Lorsqu’aucune indemnisation n’a été prévue par un texte applicable, l’éleveur peut solliciter une réparation sur le fondement de la rupture d’égalité devant les charges publiques. Le juge administratif a reconnu ce fondement dans plusieurs décisions pour compenser les effets d’un abattage imposé sans dispositif d’indemnisation, considérant que la charge particulière et anormale subie par l’éleveur dans l’intérêt de la collectivité justifie une compensation.
Les enjeux actuels et les perspectives d’évolution
Le régime juridique des abattages sanitaires fait l’objet de débats récurrents au sein du monde agricole. Les organisations professionnelles plaident pour une meilleure prise en compte de la valeur réelle des animaux et du patrimoine génétique constitué sur plusieurs générations, ainsi qu’une indemnisation plus complète des pertes d’exploitation qui peuvent s’étendre sur plusieurs années.

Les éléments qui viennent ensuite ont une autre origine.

(* In the model described in the context (with any $n$, $k$, $r$, $p$, $\epsilon$), let $p_b:=\frac{(1-\epsilon)^2}{2}$. Then for every $\delta\in(0,1)$, $$\Pr\Big[\max_{i\notin A_1} s_{1i}\ge np_b(1+\delta)^2\Big]\le (n-k)\,e^{-np_b\delta^2/3}+2r\,e^{-r\delta^2/6}.$$
   Context: Model: $\mathbf X$ is an $n\times n$ binary matrix. Let $\{A_i\}_{i=1}^r$ be a partition of the row indices and $\{B_i\}_{i=1}^r$ a partition of the column indices, with $|A_i|=|B_i|=k$ for all $i$ (so $n=rk$). Let $\xi_{ij}$, $1\le i,j\le r$, be i.i.d. Bernoulli$(1/2)$, and set $\mathbf X(a,b)=\xi_{ij}$ whenever $(a,b)\in A_i\times B_j$. The observed matrix $\mathbf Y$ with entries in $\{0,1,*\}$ is obtained by passing each entry of $\mathbf X$ independently through a binary symmetric channel with crossover probability $p\in[0,1/2)$, and then independently erasing each entry (replacing it with $*$) with probability $\epsilon\in[0,1)$. Row 1 belongs to $A_1$. Similarity: $s_{ij}=\sum_{l=1}^n \mathbf 1\{\mathbf Y(i,l)\ne *\}\mathbf 1\{\mathbf Y(j,l)\ne *\}\mathbf 1\{\mathbf Y(i,l)=\mathbf Y(j,l)\}$. *)

theory Defs
  imports "HOL-Probability.Probability"
begin

(* Rows/columns are indexed 1..n, blocks 1..r.  A i / B i are the row / column blocks. *)
definition block_of :: "(nat \<Rightarrow> nat set) \<Rightarrow> nat \<Rightarrow> nat \<Rightarrow> nat" where
  "block_of A r a = (THE i. i \<in> {1..r} \<and> a \<in> A i)"

definition Xmat :: "(nat \<Rightarrow> nat set) \<Rightarrow> (nat \<Rightarrow> nat set) \<Rightarrow> nat \<Rightarrow> (nat \<times> nat \<Rightarrow> bool)
    \<Rightarrow> nat \<Rightarrow> nat \<Rightarrow> bool" where
  "Xmat A B r xi a b = xi (block_of A r a, block_of B r b)"

(* Observed matrix: None = erasure symbol; flip = BSC crossover indicator; erase = erasure indicator *)
definition Ymat :: "(nat \<Rightarrow> nat set) \<Rightarrow> (nat \<Rightarrow> nat set) \<Rightarrow> nat \<Rightarrow> (nat \<times> nat \<Rightarrow> bool)
    \<Rightarrow> (nat \<times> nat \<Rightarrow> bool) \<Rightarrow> (nat \<times> nat \<Rightarrow> bool) \<Rightarrow> nat \<Rightarrow> nat \<Rightarrow> bool option" where
  "Ymat A B r xi flip erase a b =
     (if erase (a, b) then None else Some (Xmat A B r xi a b \<noteq> flip (a, b)))"

definition simil :: "nat \<Rightarrow> (nat \<Rightarrow> nat \<Rightarrow> bool option) \<Rightarrow> nat \<Rightarrow> nat \<Rightarrow> nat" where
  "simil n Y i j = card {l \<in> {1..n}. Y i l \<noteq> None \<and> Y j l \<noteq> None \<and> Y i l = Y j l}"

(* joint law of (xi, crossover indicators, erasure indicators), all independent *)
definition model_pmf :: "nat \<Rightarrow> nat \<Rightarrow> real \<Rightarrow> real
    \<Rightarrow> ((nat \<times> nat \<Rightarrow> bool) \<times> (nat \<times> nat \<Rightarrow> bool) \<times> (nat \<times> nat \<Rightarrow> bool)) pmf" where
  "model_pmf n r p \<epsilon> =
     pair_pmf (Pi_pmf ({1..r} \<times> {1..r}) False (\<lambda>_. bernoulli_pmf (1/2)))
       (pair_pmf (Pi_pmf ({1..n} \<times> {1..n}) False (\<lambda>_. bernoulli_pmf p))
                 (Pi_pmf ({1..n} \<times> {1..n}) False (\<lambda>_. bernoulli_pmf \<epsilon>)))"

La question de la proportionnalité des mesures est également au cœur des controverses. Certains syndicats agricoles contestent la systématicité des abattages totaux, plaidant pour un recours accru à des stratégies alternatives comme la vaccination ciblée, l’isolement renforcé ou l’abattage sélectif après tests individuels. Ces débats illustrent la tension permanente entre l’objectif d’éradication rapide des foyers épizootiques et la préservation des intérêts économiques des éleveurs.
L’Union européenne travaille à une harmonisation accrue des protocoles sanitaires entre États membres, pour éviter que les disparités de traitement ne créent des distorsions de concurrence. Le développement de nouveaux outils diagnostiques permettant une détection plus précoce et plus précise des maladies pourrait également faire évoluer les stratégies de lutte, en permettant des interventions plus ciblées et moins traumatisantes pour les filières d’élevage.
La crise récente de dermatose nodulaire contagieuse a montré l’importance d’une communication claire et rapide entre les autorités sanitaires et les éleveurs. Le déploiement de plans de vaccination d’urgence, combiné au maintien d’abattages ciblés, pourrait préfigurer une approche plus graduée de la gestion des épizooties, conciliant mieux efficacité sanitaire et acceptabilité sociale des mesures.
Voir également: TA Marseille, 20 mai 2015, n° 1303353 ; TA Grenoble, 28 juin 2016, n° 1305927 ; TA Pau, ch. 1, 15 avr. 2024, n° 2201832.